The Finlandization of the United States




The Finlandization of the United States



https://www.nytimes.com/2018/07/09/opinion/trump-nato-summit-europe.html?action=click&pgtype=Homepage&clickSource=story-heading&module=opinion-c-col-right-region&region=opinion-c-col-right-region&WT.nav=opinion-c-col-right-region


By Roger Cohen


July 9, 2018


MADRID — Over the next week, President Trump will visit Europe to call on allies, get in some golf and then meet President Vladimir Putin in Helsinki. He’ll no doubt feel more comfortable with the Russian leader, whom he considers “fine,” than with freeloading NATO partners who, he says, treat Americans as “schmucks.”

If the issue were purely mercantile — European allies don’t pay enough for their defense — it might be manageable, even salutary. It’s not. Trump’s ideological sympathies lie with Putin’s autocracy and its democratic veneer. He’s in the Putin camp against the Western liberal democracy of, say, Angela Merkel in Germany. Trump’s a paid-up member of the growing illiberal authoritarian international movement.

The Finlandization of Trump’s United States is pretty much complete. Trump won’t oppose Putin’s Russia under any circumstances. In some way, it’s worse than Finlandization. Trump’s not neutral, as Finland was during the Cold War. He leans Moscow, but is still offset to some degree by the honorable Americans of the State Department and the Pentagon.

To fail to see this is to invite disaster. Trump is not an unusual American president with contrarian ideas. He is an off-the-charts repudiation of everything the United States has stood for since 1945: representative government, liberty, the rule of law, free trade, a rules-based international order, open societies, pluralism and human rights.


He refuses to see that as freedom and stability spread, undergirded by NATO and the European Union, American prosperity grew.
For him, the European Union was “set up to take advantage” of the United States — a preposterous charge.

Traveling from Madrid to beautiful Segovia the other day, in a line of traffic full of Spaniards fleeing the capital for the weekend, I gazed out on a wealthy country.

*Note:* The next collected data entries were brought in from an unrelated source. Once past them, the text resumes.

lemma secure_imp_J_blind_to_I:
  assumes S: "strongly_secure n L C2 f I J"
  shows J_blind_to_I
  unfolding J_blind_to_I_def
proof (rule image_subsetI)
  fix z assume z: "z \<in> C1"
  define b where "b = proj J z"
  have "b \<in> lab {..<n}"
    using lab_mono[OF J_subset] by (auto simp: b_def)
  then have "z - b \<in> lab Jb"
    using z C1_lab by (intro in_lab_diff_if_proj_eq_0) (auto simp: b_def proj_diff proj_lab_eq diff_in_lab)
  then have "z - b \<in> completions b (secret_I z)"
    using z by (simp add: completions_def)
  then have "completions b 0 \<noteq> {}"
    using secure_imp_card_completions_eq[OF S, of b "secret_I z"] finite_completions
    by (auto simp: b_def)
  then obtain c where c: "c \<in> lab Jb" "b + c \<in> C1" "secret_I (b + c) = 0"
    by (auto simp: completions_def)
  moreover have "proj J c = 0"
    by (rule proj_eq_0_if_disjoint[OF c(1)]) auto
  ultimately have "proj J (b + c) = proj J z"
    by (simp add: b_def proj_add proj_lab_eq)
  with c show "proj J z \<in> proj J ` C0"
    by (auto simp: C0_def intro!: image_eqI[where x = "b + c"])
qed

lemma ptrace_encode_superposition_diff:
  "ptrace n J (encode L C2 f (secret_state L I (pure_state (superposition u u' 1)))) a b
     - ptrace n J (encode L C2 f (secret_state L I (pure_state (superposition u u' (-1))))) a b
   = enc_const * complex_of_real (\<Sum>c\<in>lab Jb. if contributes a b c then
       indicator {u} (secret_I (a + c)) * indicator {u'} (secret_I (b + c)) +
       indicator {u'} (secret_I (a + c)) * indicator {u} (secret_I (b + c)) else 0)"
  unfolding ptrace_encode_pure_state right_diff_distrib[symmetric] of_real_diff[symmetric]
    sum_subtractf[symmetric]
proof (intro arg_cong[where f = "\<lambda>x. enc_const * complex_of_real x"] sum.cong refl)
  fix c
  show "(if contributes a b c then
        superposition u u' 1 (secret_I (a + c)) * superposition u u' 1 (secret_I (b + c)) else 0)
      - (if contributes a b c then
        superposition u u' (-1) (secret_I (a + c)) * superposition u u' (-1) (secret_I (b + c)) else 0)
    = (if contributes a b c then
       indicator {u} (secret_I (a + c)) * indicator {u'} (secret_I (b + c)) +
       indicator {u'} (secret_I (a + c)) * indicator {u} (secret_I (b + c)) else 0)"
    by (cases "contributes a b c") (simp_all only: if_True if_False superposition_product_diff diff_zero)
qed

Spain was poor and under a dictatorship a little more than four decades ago. That’s what the European Union does. It’s a transformative peace magnet delivering democratic stability and prosperity to more than a half-billion people. That’s why the United States has always supported it.


A European who visited Trump recently tells me he was shocked by two things: the president’s venom against European allies that don’t buy enough American goods even as they ask the United States to protect them, and his paean to the new xenophobic Italian government that, in Trump’s view, is finally getting with the anti-immigrant program.

There is no talking the president out of his views, this visitor reports, say by mentioning the European contribution to the war in Afghanistan or the fact that the United States is the union’s biggest trading partner. No, Trump just knows.. ................................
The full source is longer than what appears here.